Activity:
From the entries below, retype only the lines from the one with "text \<open>Closures are" through the one with "(VClos c) (TFun", exactly as written.

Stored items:
_____
inductive has_type :: "ctx \<Rightarrow> persp \<Rightarrow> expr \<Rightarrow> ty \<Rightarrow> bool" where
  T_Var: "(x, \<pi>, \<tau>) \<in> set \<Gamma> \<Longrightarrow> has_type \<Gamma> \<pi> (Var x) \<tau>"
| T_Int: "has_type \<Gamma> \<pi> (IntLit n) (TBase BInt)"
| T_Float: "has_type \<Gamma> \<pi> (FloatLit f) (TBase BFloat)"
| T_Bool: "has_type \<Gamma> \<pi> (BoolLit b) (TBase BBool)"
| T_PartId: "persp_less \<pi> (Grid, 1) \<Longrightarrow> has_type \<Gamma> \<pi> PartId (TBase BInt)"
| T_ArrAccess: "\<lbrakk> has_type \<Gamma> \<pi>'' e1 (TArr \<beta> l); has_type \<Gamma> \<pi> e2 (TBase BInt);
     l \<in> {Global, Local}; persp_le \<pi> \<pi>'' \<rbrakk> \<Longrightarrow> has_type \<Gamma> \<pi> (Idx e1 e2) (TBase \<beta>)"
| T_ArrAccessShared: "\<lbrakk> has_type \<Gamma> \<pi>'' e1 (TArr \<beta> Shared); has_type \<Gamma> \<pi> e2 (TBase BInt);
     persp_le \<pi> (Block, 1); persp_le \<pi> \<pi>'' \<rbrakk> \<Longrightarrow> has_type \<Gamma> \<pi> (Idx e1 e2) (TBase \<beta>)"
| T_Bop: "\<lbrakk> has_type \<Gamma> \<pi> e1 (TBase BInt); has_type \<Gamma> \<pi> e2 (TBase BInt) \<rbrakk>
     \<Longrightarrow> has_type \<Gamma> \<pi> (Bop f e1 e2) (TBase BInt)"
| T_Cmp: "\<lbrakk> has_type \<Gamma> \<pi> e1 (TBase BInt); has_type \<Gamma> \<pi> e2 (TBase BInt) \<rbrakk>
     \<Longrightarrow> has_type \<Gamma> \<pi> (Cmp f e1 e2) (TBase BBool)"

text \<open>Closures are kept abstract (type parameter 'c).\<close>
datatype 'c val = VInt int | VFloat real | VBool bool | VArr name nat | VClos 'c

type_synonym 'c mem = "name \<Rightarrow> (persp \<times> 'c val) option"

definition get :: "'c mem \<Rightarrow> 'c mem \<Rightarrow> 'c mem \<Rightarrow> name \<Rightarrow> 'c val option" where
  "get \<eta> \<sigma> \<Sigma> x =
     (case \<eta> x of Some (_, v) \<Rightarrow> Some v
      | None \<Rightarrow> (case \<sigma> x of Some (_, v) \<Rightarrow> Some v
      | None \<Rightarrow> (case \<Sigma> x of Some (_, v) \<Rightarrow> Some v | None \<Rightarrow> None)))"

definition mems_disjoint :: "'c mem \<Rightarrow> 'c mem \<Rightarrow> 'c mem \<Rightarrow> bool" where
  "mems_disjoint \<eta> \<sigma> \<Sigma> \<longleftrightarrow>
     dom \<eta> \<inter> dom \<sigma> = {} \<and> dom \<eta> \<inter> dom \<Sigma> = {} \<and> dom \<sigma> \<inter> dom \<Sigma> = {}"

fun base_val_typ :: "'c val \<Rightarrow> base \<Rightarrow> bool" where
  "base_val_typ (VInt _) BInt = True"
| "base_val_typ (VBool _) BBool = True"
| "base_val_typ (VFloat _) BFloat = True"
| "base_val_typ _ _ = False"

text \<open>Value typing; the closure typing relation ct is a fixed given parameter.\<close>
fun val_typ :: "('c mem \<Rightarrow> 'c mem \<Rightarrow> 'c mem \<Rightarrow> 'c \<Rightarrow> ty \<Rightarrow> bool)
    \<Rightarrow> 'c mem \<Rightarrow> 'c mem \<Rightarrow> 'c mem \<Rightarrow> 'c val \<Rightarrow> ty \<Rightarrow> bool" where
  "val_typ ct \<eta> \<sigma> \<Sigma> (VArr x n) (TArr \<beta> l) =
     (\<forall>i<n. \<exists>w. get \<eta> \<sigma> \<Sigma> (x + int i) = Some w \<and> base_val_typ w \<beta>)"
| "val_typ ct \<eta> \<sigma> \<Sigma> (VClos c) (TFun G p m) = ct \<eta> \<sigma> \<Sigma> c (TFun G p m)"
| "val_typ ct \<eta> \<sigma> \<Sigma> v (TBase \<beta>) = base_val_typ v \<beta>"
| "val_typ ct \<eta> \<sigma> \<Sigma> _ _ = False"

definition binding_ok :: "('c mem \<Rightarrow> 'c mem \<Rightarrow> 'c mem \<Rightarrow> 'c \<Rightarrow> ty \<Rightarrow> bool)
    \<Rightarrow> 'c mem \<Rightarrow> 'c mem \<Rightarrow> 'c mem \<Rightarrow> name \<Rightarrow> persp \<Rightarrow> ty \<Rightarrow> bool" where
  "binding_ok ct \<eta> \<sigma> \<Sigma> x \<pi> \<tau> =
     (case \<tau> of
        TBase _ \<Rightarrow> \<exists>v. \<eta> x = Some (\<pi>, v) \<and> val_typ ct \<eta> \<sigma> \<Sigma> v \<tau>
      | TArr _ Local \<Rightarrow> \<exists>v. \<eta> x = Some (\<pi>, v) \<and> val_typ ct \<eta> \<sigma> \<Sigma> v \<tau>
      | TArr _ Shared \<Rightarrow> \<exists>v. \<sigma> x = Some (\<pi>, v) \<and> val_typ ct \<eta> \<sigma> \<Sigma> v \<tau>
      | TArr _ Global \<Rightarrow> \<exists>v. \<Sigma> x = Some (\<pi>, v) \<and> val_typ ct \<eta> \<sigma> \<Sigma> v \<tau>
      | TFun _ _ _ \<Rightarrow> \<exists>v. \<Sigma> x = Some (\<pi>, v) \<and> val_typ ct \<eta> \<sigma> \<Sigma> v \<tau>
      | TAsync _ \<Rightarrow> False)"

definition env_typ :: "('c mem \<Rightarrow> 'c mem \<Rightarrow> 'c mem \<Rightarrow> 'c \<Rightarrow> ty \<Rightarrow> bool)
    \<Rightarrow> ctx \<Rightarrow> 'c mem \<Rightarrow> 'c mem \<Rightarrow> 'c mem \<Rightarrow> bool" where
  "env_typ ct \<Gamma> \<eta> \<sigma> \<Sigma> \<longleftrightarrow> (\<forall>(x, \<pi>, \<tau>) \<in> set \<Gamma>. binding_ok ct \<eta> \<sigma> \<Sigma> x \<pi> \<tau>)"

inductive eval :: "nat \<Rightarrow> nat \<Rightarrow> 'c mem \<Rightarrow> 'c mem \<Rightarrow> 'c mem \<Rightarrow> persp \<Rightarrow> persp \<Rightarrow> expr \<Rightarrow> 'c val \<Rightarrow> bool"
  for T B \<eta> \<sigma> \<Sigma> \<pi> \<pi>' where
  E_PartId: "\<lbrakk> persp_less \<pi> (Grid, 1); persp_le \<pi>' \<pi> \<rbrakk>
     \<Longrightarrow> eval T B \<eta> \<sigma> \<Sigma> \<pi> \<pi>' PartId (VInt (int (persp_div T B \<pi> \<pi>') - 1))"
| E_Var: "get \<eta> \<sigma> \<Sigma> x = Some v \<Longrightarrow> eval T B \<eta> \<sigma> \<Sigma> \<pi> \<pi>' (Var x) v"
| E_ArrAccess: "\<lbrakk> eval T B \<eta> \<sigma> \<Sigma> \<pi> \<pi>' e1 (VArr l n); eval T B \<eta> \<sigma> \<Sigma> \<pi> \<pi>' e2 (VInt i);
     i < int n; persp_le \<pi>' \<pi>; get \<eta> \<sigma> \<Sigma> (l + i) = Some v \<rbrakk>
     \<Longrightarrow> eval T B \<eta> \<sigma> \<Sigma> \<pi> \<pi>' (Idx e1 e2) v"
| E_Int: "eval T B \<eta> \<sigma> \<Sigma> \<pi> \<pi>' (IntLit n) (VInt n)"
| E_Float: "eval T B \<eta> \<sigma> \<Sigma> \<pi> \<pi>' (FloatLit f) (VFloat f)"
| E_Bool: "eval T B \<eta> \<sigma> \<Sigma> \<pi> \<pi>' (BoolLit b) (VBool b)"
| E_Bop: "\<lbrakk> eval T B \<eta> \<sigma> \<Sigma> \<pi> \<pi>' e1 (VInt v1); eval T B \<eta> \<sigma> \<Sigma> \<pi> \<pi>' e2 (VInt v2) \<rbrakk>
     \<Longrightarrow> eval T B \<eta> \<sigma> \<Sigma> \<pi> \<pi>' (Bop f e1 e2) (VInt (f v1 v2))"
| E_Cmp: "\<lbrakk> eval T B \<eta> \<sigma> \<Sigma> \<pi> \<pi>' e1 (VInt v1); eval T B \<eta> \<sigma> \<Sigma> \<pi> \<pi>' e2 (VInt v2) \<rbrakk>
     \<Longrightarrow> eval T B \<eta> \<sigma> \<Sigma> \<pi> \<pi>' (Cmp f e1 e2) (VBool (f v1 v2))"

end

theory Submission
  imports Defs
begin

text \<open>
  The only real case is an array access: the typing rules force the array to be a variable, so
  environment typing provides an array reference all of whose cells hold values of the element
  type, and the in-bounds hypothesis selects one of those cells. Disjointness of the three
  memories is what makes the lookup in \<open>get\<close> find a binding in the memory prescribed by its type.
\<close>

lemma get_if_local: "\<eta> x = Some (q, v) \<Longrightarrow> get \<eta> \<sigma> \<Sigma> x = Some v"
  by (simp add: get_def)

lemma get_if_shared:
  assumes "mems_disjoint \<eta> \<sigma> \<Sigma>" and "\<sigma> x = Some (q, v)"
  shows "get \<eta> \<sigma> \<Sigma> x = Some v"
proof -
  have "\<eta> x = None"
    using assms by (auto simp: mems_disjoint_def)
  with assms(2) show ?thesis
    by (simp add: get_def)
qed

lemma get_if_global:
  assumes "mems_disjoint \<eta> \<sigma> \<Sigma>" and "\<Sigma> x = Some (q, v)"
  shows "get \<eta> \<sigma> \<Sigma> x = Some v"
proof -
  have "\<eta> x = None" and "\<sigma> x = None"
    using assms by (auto simp: mems_disjoint_def)
  with assms(2) show ?thesis
    by (simp add: get_def)
qed

lemma binding_ok_get:
  assumes "mems_disjoint \<eta> \<sigma> \<Sigma>" and "binding_ok ct \<eta> \<sigma> \<Sigma> x \<pi> \<tau>"
  shows "\<exists>v. get \<eta> \<sigma> \<Sigma> x = Some v \<and> val_typ ct \<eta> \<sigma> \<Sigma> v \<tau>"
proof -
  obtain v where "val_typ ct \<eta> \<sigma> \<Sigma> v \<tau>"
    and "\<eta> x = Some (\<pi>, v) \<or> \<sigma> x = Some (\<pi>, v) \<or> \<Sigma> x = Some (\<pi>, v)"
    using assms(2) unfolding binding_ok_def
    by (auto split: ty.splits memkind.splits)
  then show ?thesis
    using get_if_local get_if_shared[OF assms(1)] get_if_global[OF assms(1)] by blast
qed

lemma env_typ_get:
  assumes "mems_disjoint \<eta> \<sigma> \<Sigma>" and "env_typ ct \<Gamma> \<eta> \<sigma> \<Sigma>" and "(x, \<pi>, \<tau>) \<in> set \<Gamma>"
  shows "\<exists>v. get \<eta> \<sigma> \<Sigma> x = Some v \<and> val_typ ct \<eta> \<sigma> \<Sigma> v \<tau>"
proof -
  have "binding_ok ct \<eta> \<sigma> \<Sigma> x \<pi> \<tau>"
    using assms(2,3) by (auto simp: env_typ_def)
  then show ?thesis
    using binding_ok_get[OF assms(1)] by blast
qed

lemma base_val_typ_BInt_iff: "base_val_typ v BInt \<longleftrightarrow> (\<exists>i. v = VInt i)"
  by (cases v) auto

lemma val_typ_TArr_iff:
  "val_typ ct \<eta> \<sigma> \<Sigma> v (TArr \<beta> l) \<longleftrightarrow>
     (\<exists>y n. v = VArr y n \<and> (\<forall>k<n. \<exists>w. get \<eta> \<sigma> \<Sigma> (y + int k) = Some w \<and> base_val_typ w \<beta>))"
  by (cases v) auto

lemma has_type_TArr_imp_Var:
  "has_type \<Gamma> \<pi> e (TArr \<beta> l) \<Longrightarrow> \<exists>x. e = Var x \<and> (x, \<pi>, TArr \<beta> l) \<in> set \<Gamma>"
  by (erule has_type.cases) auto

inductive_cases has_type_VarE: "has_type \<Gamma> \<pi> (Var x) \<tau>"
inductive_cases has_type_PartIdE: "has_type \<Gamma> \<pi> PartId \<tau>"
inductive_cases has_type_IdxE: "has_type \<Gamma> \<pi> (Idx e1 e2) \<tau>"
inductive_cases has_type_BopE: "has_type \<Gamma> \<pi> (Bop f e1 e2) \<tau>"
inductive_cases has_type_CmpE: "has_type \<Gamma> \<pi> (Cmp f e1 e2) \<tau>"
inductive_cases has_type_IntLitE: "has_type \<Gamma> \<pi> (IntLit n) \<tau>"
inductive_cases has_type_FloatLitE: "has_type \<Gamma> \<pi> (FloatLit f) \<tau>"
inductive_cases has_type_BoolLitE: "has_type \<Gamma> \<pi> (BoolLit b) \<tau>"

definition accesses_in_bounds ::
    "nat \<Rightarrow> nat \<Rightarrow> 'c mem \<Rightarrow> 'c mem \<Rightarrow> 'c mem \<Rightarrow> persp \<Rightarrow> persp \<Rightarrow> expr \<Rightarrow> bool" where
  "accesses_in_bounds T B \<eta> \<sigma> \<Sigma> \<pi> \<pi>' e \<longleftrightarrow>
     (\<forall>e1 e2. Idx e1 e2 \<in> subexprs e \<longrightarrow>
        (\<forall>l n i. eval T B \<eta> \<sigma> \<Sigma> \<pi> \<pi>' e1 (VArr l n) \<longrightarrow>
                 eval T B \<eta> \<sigma> \<Sigma> \<pi> \<pi>' e2 (VInt i) \<longrightarrow> 0 \<le> i \<and> i < int n))"

lemma accesses_in_bounds_Idx:
  assumes "accesses_in_bounds T B \<eta> \<sigma> \<Sigma> \<pi> \<pi>' (Idx e1 e2)"
  shows "accesses_in_bounds T B \<eta> \<sigma> \<Sigma> \<pi> \<pi>' e1"
    and "accesses_in_bounds T B \<eta> \<sigma> \<Sigma> \<pi> \<pi>' e2"
    and "eval T B \<eta> \<sigma> \<Sigma> \<pi> \<pi>' e1 (VArr l n) \<Longrightarrow> eval T B \<eta> \<sigma> \<Sigma> \<pi> \<pi>' e2 (VInt i)
         \<Longrightarrow> 0 \<le> i \<and> i < int n"
  using assms by (auto simp: accesses_in_bounds_def)

lemma accesses_in_bounds_Bop:
  "accesses_in_bounds T B \<eta> \<sigma> \<Sigma> \<pi> \<pi>' (Bop f e1 e2) \<Longrightarrow>
     accesses_in_bounds T B \<eta> \<sigma> \<Sigma> \<pi> \<pi>' e1 \<and> accesses_in_bounds T B \<eta> \<sigma> \<Sigma> \<pi> \<pi>' e2"
  by (auto simp: accesses_in_bounds_def)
_____
Exercise output:
text \<open>Closures are kept abstract (type parameter 'c).\<close>
datatype 'c val = VInt int | VFloat real | VBool bool | VArr name nat | VClos 'c

type_synonym 'c mem = "name \<Rightarrow> (persp \<times> 'c val) option"

definition get :: "'c mem \<Rightarrow> 'c mem \<Rightarrow> 'c mem \<Rightarrow> name \<Rightarrow> 'c val option" where
  "get \<eta> \<sigma> \<Sigma> x =
     (case \<eta> x of Some (_, v) \<Rightarrow> Some v
      | None \<Rightarrow> (case \<sigma> x of Some (_, v) \<Rightarrow> Some v
      | None \<Rightarrow> (case \<Sigma> x of Some (_, v) \<Rightarrow> Some v | None \<Rightarrow> None)))"

definition mems_disjoint :: "'c mem \<Rightarrow> 'c mem \<Rightarrow> 'c mem \<Rightarrow> bool" where
  "mems_disjoint \<eta> \<sigma> \<Sigma> \<longleftrightarrow>
     dom \<eta> \<inter> dom \<sigma> = {} \<and> dom \<eta> \<inter> dom \<Sigma> = {} \<and> dom \<sigma> \<inter> dom \<Sigma> = {}"

fun base_val_typ :: "'c val \<Rightarrow> base \<Rightarrow> bool" where
  "base_val_typ (VInt _) BInt = True"
| "base_val_typ (VBool _) BBool = True"
| "base_val_typ (VFloat _) BFloat = True"
| "base_val_typ _ _ = False"

text \<open>Value typing; the closure typing relation ct is a fixed given parameter.\<close>
fun val_typ :: "('c mem \<Rightarrow> 'c mem \<Rightarrow> 'c mem \<Rightarrow> 'c \<Rightarrow> ty \<Rightarrow> bool)
    \<Rightarrow> 'c mem \<Rightarrow> 'c mem \<Rightarrow> 'c mem \<Rightarrow> 'c val \<Rightarrow> ty \<Rightarrow> bool" where
  "val_typ ct \<eta> \<sigma> \<Sigma> (VArr x n) (TArr \<beta> l) =
     (\<forall>i<n. \<exists>w. get \<eta> \<sigma> \<Sigma> (x + int i) = Some w \<and> base_val_typ w \<beta>)"
| "val_typ ct \<eta> \<sigma> \<Sigma> (VClos c) (TFun G p m) = ct \<eta> \<sigma> \<Sigma> c (TFun G p m)"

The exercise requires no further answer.